Features / layer activations
============================

Once a model has been fully trained and evaluated, you may use the model to generate features from layer activations to gain better insight into the kinds of image features the model has learned.

Working with Layer Features
***************************

To work with features / intermediate layer activations calculated from a model, the :class:`slideflow.model.Features` class will generate features on a tile or slide level, and the :class:`slideflow.model.DatasetFeatures` class will generate features for an entire dataset.

DatasetFeatures
---------------

The easiest way to get started with intermediate layer activations is the :class:`slideflow.model.DatasetFeatures` class, which is used to calculate and examine activations across an entire dataset. Instancing the class supervises the calculation and caching of layer activations, which can then be exported, viewed (as a mosaic map), or analyzed with various statistical methods. The project function :func:`slideflow.Project.generate_features` creates and returns an instance of this class.

.. code-block:: python

    features = P.generate_features('/path/to/trained_model')

Alternatively, you can create an instance of this class directly:

.. code-block:: python

    from slideflow.model import DatasetFeatures

    dataset = P.dataset(299, 302)
    labels, unique_outcomes = dataset.labels('HPV')

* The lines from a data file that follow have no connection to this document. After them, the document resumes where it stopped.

lemma grounding_solution_comp_iff:
  "grounding_solution (subst_comp \<sigma> \<delta>) C \<pi>
     \<longleftrightarrow> grounding_solution \<delta> (subst_clause C \<sigma>) (subst_constr \<pi> \<sigma>)"
proof -
  have "ground_trm (subst_comp \<sigma> \<delta> x) \<longleftrightarrow> (\<forall>y\<in>vars_trm (\<sigma> x). ground_trm (\<delta> y))" for x
    by (simp add: subst_comp_def ground_trm_subst_iff)
  then show ?thesis
    unfolding grounding_solution_def
    by (auto simp: is_solution_comp_iff vars_subst_clause vars_lhs_subst_constr)
qed

lemma grounding_solution_mono:
  assumes "grounding_solution \<delta> C' \<pi>'" "set_mset C \<subseteq> set_mset C'" "\<pi> \<subseteq> \<pi>'"
  shows "grounding_solution \<delta> C \<pi>"
  using assms vars_clause_mono[OF assms(2)] vars_lhs_constr_mono[OF assms(3)]
  unfolding grounding_solution_def by (blast intro: is_solution_mono)

lemma ground_insts_subst_subset:
  "ground_insts (subst_clause C \<sigma>, subst_constr \<pi> \<sigma>) \<subseteq> ground_insts (C, \<pi>)"
  by (auto simp: ground_insts_iff subst_clause_comp simp flip: grounding_solution_comp_iff)

lemma sat_ground_mono:
  "sat_ground I D \<Longrightarrow> set_mset D \<subseteq> set_mset D' \<Longrightarrow> sat_ground I D'"
  unfolding sat_ground_def by blast

lemma entails_cc_if_subsumes:
  assumes lits: "set_mset (subst_clause C \<sigma>) \<subseteq> set_mset C'"
    and constr: "subst_constr \<pi> \<sigma> = \<pi>'"
  shows "entails_cc (C, \<pi>) (C', \<pi>')"
  unfolding entails_cc_def sat_cclause_def
proof (intro allI impI ballI)
  fix I D
  assume sat: "\<forall>E\<in>ground_insts (C, \<pi>). sat_ground I E" and "D \<in> ground_insts (C', \<pi>')"
  then obtain \<delta> where D: "D = subst_clause C' \<delta>" and \<delta>: "grounding_solution \<delta> C' \<pi>'"
    by (auto simp: ground_insts_iff)
  have "grounding_solution \<delta> (subst_clause C \<sigma>) (subst_constr \<pi> \<sigma>)"
    using grounding_solution_mono[OF \<delta> lits] constr by simp
  then have "subst_clause (subst_clause C \<sigma>) \<delta> \<in> ground_insts (C, \<pi>)"
    using ground_insts_subst_subset by (fastforce simp: ground_insts_iff)
  moreover have "set_mset (subst_clause (subst_clause C \<sigma>) \<delta>) \<subseteq> set_mset D"
    using lits unfolding D subst_clause_def by auto
  ultimately show "sat_ground I D"
    using sat sat_ground_mono by blast
qed

lemma redundant_if_strict_submset:
  assumes sub: "C' \<subset># C" and constr: "\<pi>' \<subseteq> \<pi>"
  shows "redundant R (C, \<pi>) {(C', \<pi>')}"
  unfolding redundant_def
proof
  fix D assume "D \<in> ground_insts (C, \<pi>)"
  then obtain \<delta> where D: "D = subst_clause C \<delta>" and \<delta>: "grounding_solution \<delta> C \<pi>"
    by (auto simp: ground_insts_iff)
  define D' where "D' = subst_clause C' \<delta>"
  have "grounding_solution \<delta> C' \<pi>'"
    using grounding_solution_mono[OF \<delta> _ constr] sub
    by (simp add: set_mset_mono subset_mset.less_imp_le)
  then have "D' \<in> ground_set {(C', \<pi>')}"
    by (auto simp: ground_set_def ground_insts_iff D'_def)
  moreover have "D' \<subset># D"
    using sub unfolding D D'_def subst_clause_def by (rule image_mset_subset_mono)
  then have "(D', D) \<in> clause_ord R" and "entails_ground {D'} D"
    using sat_ground_mono[OF _ set_mset_mono[OF subset_mset.less_imp_le]]
    by (auto simp: clause_ord_def entails_ground_def subset_implies_mult)
  ultimately show "\<exists>Ds. finite Ds \<and> Ds \<subseteq> ground_set {(C', \<pi>')}
      \<and> (\<forall>D'\<in>Ds. (D', D) \<in> clause_ord R) \<and> entails_ground Ds D"
    by (intro exI[of _ "{D'}"]) auto
qed
lemma inner_cross2_squared:
  assumes "norm (u::real^2) = 1"
  shows "(v \<bullet> u)\<^sup>2 + (cross2 u v)\<^sup>2 = (norm v)\<^sup>2"
proof -
  have "(v \<bullet> u)\<^sup>2 + (cross2 u v)\<^sup>2 = ((u$1)\<^sup>2 + (u$2)\<^sup>2) * ((v$1)\<^sup>2 + (v$2)\<^sup>2)"
    by (simp add: inner_real2 cross2_def power2_eq_square algebra_simps)
  then show ?thesis
    using assms norm_real2_squared[of u] norm_real2_squared[of v] by simp
qed

lemma inner_eq_inner_cross2:
  assumes "norm (u::real^2) = 1"
  shows "v \<bullet> w = (v \<bullet> u) * (w \<bullet> u) + cross2 u v * cross2 u w"
proof -
  have "(v \<bullet> u) * (w \<bullet> u) + cross2 u v * cross2 u w = ((u$1)\<^sup>2 + (u$2)\<^sup>2) * (v \<bullet> w)"
    by (simp add: inner_real2 cross2_def power2_eq_square algebra_simps)
  then show ?thesis
    using assms norm_real2_squared[of u] by simp
qed

lemma cross2_eq_inner: "cross2 u v = (\<chi> i. if i = 1 then - u$2 else u$1) \<bullet> v"
  by (simp add: cross2_def inner_real2)

lemma abs_cos_vec_angle_arg: "\<bar>(u \<bullet> v) / (norm u * norm v)\<bar> \<le> 1"
proof (cases "u = 0 \<or> v = 0")
  case False
  then have "0 < norm u * norm v" by simp
  then show ?thesis
    using Cauchy_Schwarz_ineq2[of u v] by (simp add: abs_divide)
qed auto

lemma cos_vec_angle_arg_bounds:
  "- 1 \<le> (u \<bullet> v) / (norm u * norm v) \<and> (u \<bullet> v) / (norm u * norm v) \<le> 1"
  using abs_cos_vec_angle_arg[of u v] unfolding abs_le_iff by linarith

lemma cos_vec_angle: "cos (vec_angle u v) = (u \<bullet> v) / (norm u * norm v)"
  unfolding vec_angle_def by (rule cos_arccos_abs[OF abs_cos_vec_angle_arg])

lemma vec_angle_nonneg: "0 \<le> vec_angle u v"
  using cos_vec_angle_arg_bounds[of u v] unfolding vec_angle_def by (intro arccos_lbound) auto

lemma vec_angle_le_pi: "vec_angle u v \<le> pi"
  using cos_vec_angle_arg_bounds[of u v] unfolding vec_angle_def by (intro arccos_ubound) auto

lemma vec_angle_commute: "vec_angle u v = vec_angle v u"
  by (simp add: vec_angle_def inner_commute mult.commute)

lemma vec_angle_uminus [simp]: "vec_angle (- u) (- v) = vec_angle u v"
  by (simp add: vec_angle_def)

lemma vec_angle_scaleR_right: "0 < c \<Longrightarrow> vec_angle u (c *\<^sub>R v) = vec_angle u v"
  by (simp add: vec_angle_def)

lemma vec_angle_scaleR_left: "0 < c \<Longrightarrow> vec_angle (c *\<^sub>R u) v = vec_angle u v"
  by (simp add: vec_angle_def)

lemma vec_angle_refl: "v \<noteq> 0 \<Longrightarrow> vec_angle v v = 0"
  by (simp add: vec_angle_def power2_norm_eq_inner[symmetric] power2_eq_square)

lemma vec_angle_zero_right [simp]: "vec_angle u 0 = pi / 2"
  by (simp add: vec_angle_def)

lemma vec_angle_zero_left [simp]: "vec_angle 0 v = pi / 2"
  by (simp add: vec_angle_def)

lemma cos_le_inner_of_vec_angle_le:
  assumes "norm u = 1" "norm d = 1" "vec_angle u d \<le> h" "h \<le> pi"
  shows "cos h \<le> d \<bullet> u"
proof -
  have "cos h \<le> cos (vec_angle u d)"
    using assms vec_angle_nonneg by (intro cos_monotone_0_pi_le) auto
  then show ?thesis
    using assms by (simp add: cos_vec_angle inner_commute)
qed

lemma unit_circle_polar:
  assumes "x\<^sup>2 + y\<^sup>2 = 1"
  obtains \<alpha> where "\<bar>\<alpha>\<bar> \<le> pi" "x = cos \<alpha>" "y = sin \<alpha>"
proof (cases "0 \<le> y")
  case True
  then show ?thesis
    using sincos_total_pi[OF True assms] that by force
next
  case False
  then obtain \<alpha> where "0 \<le> \<alpha>" "\<alpha> \<le> pi" "x = cos \<alpha>" "- y = sin \<alpha>"
    using sincos_total_pi[of "- y" x] assms by auto
  then show ?thesis
    using that[of "- \<alpha>"] by auto
qed

lemma arccos_cos_abs: "\<bar>t\<bar> \<le> pi \<Longrightarrow> arccos (cos t) = \<bar>t\<bar>"
  by (cases "t < 0") (simp_all add: arccos_cos arccos_cos2)

lemma arccos_cos_le_abs: "arccos (cos t) \<le> \<bar>t\<bar>"
  using arccos_cos_abs[of t] arccos_ubound[of "cos t"] by (cases "\<bar>t\<bar> \<le> pi") auto

lemma polar_angle:
  assumes a: "norm a = 1" and v: "v \<noteq> 0"
  obtains \<alpha> where "\<bar>\<alpha>\<bar> \<le> pi" "v \<bullet> a = norm v * cos \<alpha>" "cross2 a v = norm v * sin \<alpha>"
proof -
  have "(v \<bullet> a / norm v)\<^sup>2 + (cross2 a v / norm v)\<^sup>2 = 1"
    using inner_cross2_squared[OF a, of v] v by (simp add: power_divide add_divide_distrib[symmetric])
  then obtain \<alpha> where "\<bar>\<alpha>\<bar> \<le> pi" "v \<bullet> a / norm v = cos \<alpha>" "cross2 a v / norm v = sin \<alpha>"
    by (rule unit_circle_polar)
  then show ?thesis
    using that v by (simp add: field_simps)
qed

lemma vec_angle_triangle_unit:
  fixes a v w :: "real^2"
  assumes a: "norm a = 1"
  shows "vec_angle v w \<le> vec_angle v a + vec_angle a w"
proof (cases "v = 0 \<or> w = 0")
  case True
  then show ?thesis
    using vec_angle_nonneg[of v a] vec_angle_nonneg[of a w] by auto
next
  case False
  then have v: "v \<noteq> 0" and w: "w \<noteq> 0" by auto
  have angle_polar: "vec_angle a x = \<bar>\<gamma>\<bar>"
    if "\<bar>\<gamma>\<bar> \<le> pi" "x \<bullet> a = norm x * cos \<gamma>" "x \<noteq> 0" for x \<gamma>
  proof -
    have "vec_angle a x = arccos (cos \<gamma>)"
      using that a by (simp add: vec_angle_def inner_commute)
    then show ?thesis
      using that by (simp add: arccos_cos_abs)
  qed
  obtain \<alpha> where \<alpha>: "\<bar>\<alpha>\<bar> \<le> pi" "v \<bullet> a = norm v * cos \<alpha>" "cross2 a v = norm v * sin \<alpha>"
    using polar_angle[OF a v] .
  obtain \<beta> where \<beta>: "\<bar>\<beta>\<bar> \<le> pi" "w \<bullet> a = norm w * cos \<beta>" "cross2 a w = norm w * sin \<beta>"
    using polar_angle[OF a w] .
  have "v \<bullet> w = (norm v * norm w) * cos (\<alpha> - \<beta>)"
    unfolding inner_eq_inner_cross2[OF a, of v w] \<alpha>(2,3) \<beta>(2,3) cos_diff by algebra
  then have "vec_angle v w = arccos (cos (\<alpha> - \<beta>))"
    using v w by (simp add: vec_angle_def)
  also have "\<dots> \<le> \<bar>\<alpha> - \<beta>\<bar>"
    by (rule arccos_cos_le_abs)
  also have "\<dots> \<le> \<bar>\<alpha>\<bar> + \<bar>\<beta>\<bar>"
    by linarith
  also have "\<dots> = vec_angle v a + vec_angle a w"
    using angle_polar[OF \<alpha>(1,2) v] angle_polar[OF \<beta>(1,2) w] by (simp add: vec_angle_commute[of v])
  finally show ?thesis .
qed
(* Let $X$ be a finite $T_0$ topological space, $\mathcal V$ a multivector field on $X$ with $X$ invariant, and $\mathcal M=\{M_p\mid p\in\mathbb P\}$ a Morse predecomposition of $X$. Let $C\subset X$ be an isolated invariant set which is strongly connected in $G_{\mathcal V}$. If there is $r\in\mathbb P_C$ such that $M_r$ is saturated in $X$, then $C\subset M_r$; in particular $\mathbb P_C=\{r\}$.
   Context: Notation: $\operatorname{cl}$ is closure; $A\subset X$ is locally closed if $\operatorname{cl}A\setminus A$ is closed. A multivector field $\mathcal V$ on $X$ is a partition of $X$ into locally closed sets (multivectors); $[x]_{\mathcal V}$ is the multivector containing $x$. A multivector $V$ is critical if $H(\operatorname{cl}V,\operatorname{cl}V\setminus V)$ (relative singular homology) is nontrivial, regular otherwise. $A$ is $\mathcal V$-compatible if it is a union of multivectors; $\langle A\rangle_{\mathcal V}$ is the smallest locally closed $\mathcal V$-compatible set containing $A$. $\Pi_{\mathcal V}(x)=\operatorname{cl}\{x\}\cup[x]_{\mathcal V}$; $G_{\mathcal V}$ is the digraph on $X$ with an edge $x\to y$ iff $y\in\Pi_{\mathcal V}(x)$; a set $A$ is strongly connected in $G_{\mathcal V}$ if for all $v,w\in A$ there is a walk of positive length from $v$ to $w$ with all vertices in $A$. A solution is a partial map $\gamma:\mathbb Z\nrightarrow X$ with domain an integer interval and $\gamma(t+1)\in\Pi_{\mathcal V}(\gamma(t))$; a path has finite domain; a full solution has domain $\mathbb Z$. $\alpha(\gamma)=\langle\bigcap_{t\le0}\gamma((-\infty,t])\rangle_{\mathcal V}$, $\omega(\gamma)=\langle\bigcap_{t\ge0}\gamma([t,\infty))\rangle_{\mathcal V}$. A full solution is essential unless $\alpha(\gamma)$ or $\omega(\gamma)$ lies in a single regular multivector; an essential solution in $A$ has image in $A$. $\operatorname{Inv}S$ is the set of $x\in S$ with an essential solution $\gamma$ in $S$, $\gamma(0)=x$; $S$ is invariant if $\operatorname{Inv}S=S$. An invariant $S$ is isolated invariant if there is a closed $N\supset\Pi_{\mathcal V}(S)$ such that every path in $N$ with endpoints in $S$ has image in $S$. A link from $S_1$ to $S_2$ is a full solution with $\alpha(\gamma)\cap S_1\ne\emptyset\ne\omega(\gamma)\cap S_2$. A Morse predecomposition of $X$ is an indexed family $\{M_p\mid p\in\mathbb P\}$ of mutually disjoint isolated invariant subsets such that every essential solution in $X$ is a link from some $M_p$ to some $M_q$. $\mathbb P_C=\{p\in\mathbb P\mid M_p\cap C\ne\emptyset\}$. An invariant $T\subset X$ is saturated in $X$ if every essential solution $\gamma$ in $X$ with $\alpha(\gamma)\subset T$ and $\omega(\gamma)\subset T$ has $\operatorname{im}\gamma\subset T$. *)

theory Defs
  imports "HOL-Analysis.Analysis" "HOL-Homology.Homology"
begin

definition locally_closed :: "'a topology \<Rightarrow> 'a set \<Rightarrow> bool" where
  "locally_closed T A \<longleftrightarrow> A \<subseteq> topspace T \<and> closedin T (T closure_of A - A)"

definition multivector_field :: "'a topology \<Rightarrow> 'a set set \<Rightarrow> bool" where
  "multivector_field T V \<longleftrightarrow>
     (\<forall>v\<in>V. v \<noteq> {} \<and> locally_closed T v) \<and>
     \<Union>V = topspace T \<and>
     (\<forall>v\<in>V. \<forall>w\<in>V. v \<noteq> w \<longrightarrow> v \<inter> w = {})"

definition mv :: "'a set set \<Rightarrow> 'a \<Rightarrow> 'a set" where
  "mv V x = (THE v. v \<in> V \<and> x \<in> v)"

definition critical :: "'a topology \<Rightarrow> 'a set \<Rightarrow> bool" where
  "critical T v \<longleftrightarrow>
     (\<exists>p. \<not> trivial_group
            (relative_homology_group p (subtopology T (T closure_of v)) (T closure_of v - v)))"

definition regular :: "'a topology \<Rightarrow> 'a set \<Rightarrow> bool" where
  "regular T v \<longleftrightarrow> \<not> critical T v"

definition compatible :: "'a set set \<Rightarrow> 'a set \<Rightarrow> bool" where
  "compatible V A \<longleftrightarrow> (\<exists>W. W \<subseteq> V \<and> A = \<Union>W)"

definition lc_hull :: "'a topology \<Rightarrow> 'a set set \<Rightarrow> 'a set \<Rightarrow> 'a set" where
  "lc_hull T V A = \<Inter>{B. A \<subseteq> B \<and> locally_closed T B \<and> compatible V B}"

definition Pi_mv :: "'a topology \<Rightarrow> 'a set set \<Rightarrow> 'a \<Rightarrow> 'a set" where
  "Pi_mv T V x = T closure_of {x} \<union> mv V x"

definition full_solution :: "'a topology \<Rightarrow> 'a set set \<Rightarrow> (int \<Rightarrow> 'a) \<Rightarrow> bool" where
  "full_solution T V \<gamma> \<longleftrightarrow>
     (\<forall>t. \<gamma> t \<in> topspace T \<and> \<gamma> (t + 1) \<in> Pi_mv T V (\<gamma> t))"

definition is_path :: "'a topology \<Rightarrow> 'a set set \<Rightarrow> int \<Rightarrow> int \<Rightarrow> (int \<Rightarrow> 'a) \<Rightarrow> bool" where
  "is_path T V a b \<gamma> \<longleftrightarrow> a \<le> b \<and>
     (\<forall>t\<in>{a..b}. \<gamma> t \<in> topspace T) \<and>
     (\<forall>t\<in>{a..<b}. \<gamma> (t + 1) \<in> Pi_mv T V (\<gamma> t))"

definition alpha_lim :: "'a topology \<Rightarrow> 'a set set \<Rightarrow> (int \<Rightarrow> 'a) \<Rightarrow> 'a set" where
  "alpha_lim T V \<gamma> = lc_hull T V (\<Inter>t\<in>{..0}. \<gamma> ` {..t})"

definition omega_lim :: "'a topology \<Rightarrow> 'a set set \<Rightarrow> (int \<Rightarrow> 'a) \<Rightarrow> 'a set" where
  "omega_lim T V \<gamma> = lc_hull T V (\<Inter>t\<in>{0..}. \<gamma> ` {t..})"

definition essential :: "'a topology \<Rightarrow> 'a set set \<Rightarrow> (int \<Rightarrow> 'a) \<Rightarrow> bool" where
  "essential T V \<gamma> \<longleftrightarrow> full_solution T V \<gamma> \<and>
     \<not> (\<exists>v\<in>V. regular T v \<and> alpha_lim T V \<gamma> \<subseteq> v) \<and>
     \<not> (\<exists>v\<in>V. regular T v \<and> omega_lim T V \<gamma> \<subseteq> v)"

    features = DatasetFeatures(
      model='/path/to/trained_model',
      dataset=dataset,
      annotations=labels
    )

Tile-level feature activations for each slide can be accessed directly from ``slideflow.model.DatasetFeatures.activations``, a dict mapping slide names to numpy arrays of shape ``(num_tiles, num_features)``. Logits are stored in ``slideflow.model.DatasetFeatures.logits``, a dict mapping slide names to numpy arrays of shape ``(num_tiles, num_logits)``. Tile-level location data (coordinates from which the tiles were taken from their respective source slides) is stored in ``slideflow.model.DatasetFeatures.locations``, a dict mapping slide names to numpy arrays of shape ``(num_tiles, 2)`` (``x``, ``y``).

To return the average logits value for each slide (averaged across constituent tiles), use :func:`slideflow.model.DatasetFeatures.logits_mean`. Similarly, :func:`slideflow.model.DatasetFeatures.logits_predict` can be used to generate final slide-level logit predictions.

Features across categories can be statistically compared using :func:`slideflow.model.DatasetFeatures.stats`, which will calculate and save statistics to a specified directory.

.. code-block:: python

    features.stats('/outdir', method='mean')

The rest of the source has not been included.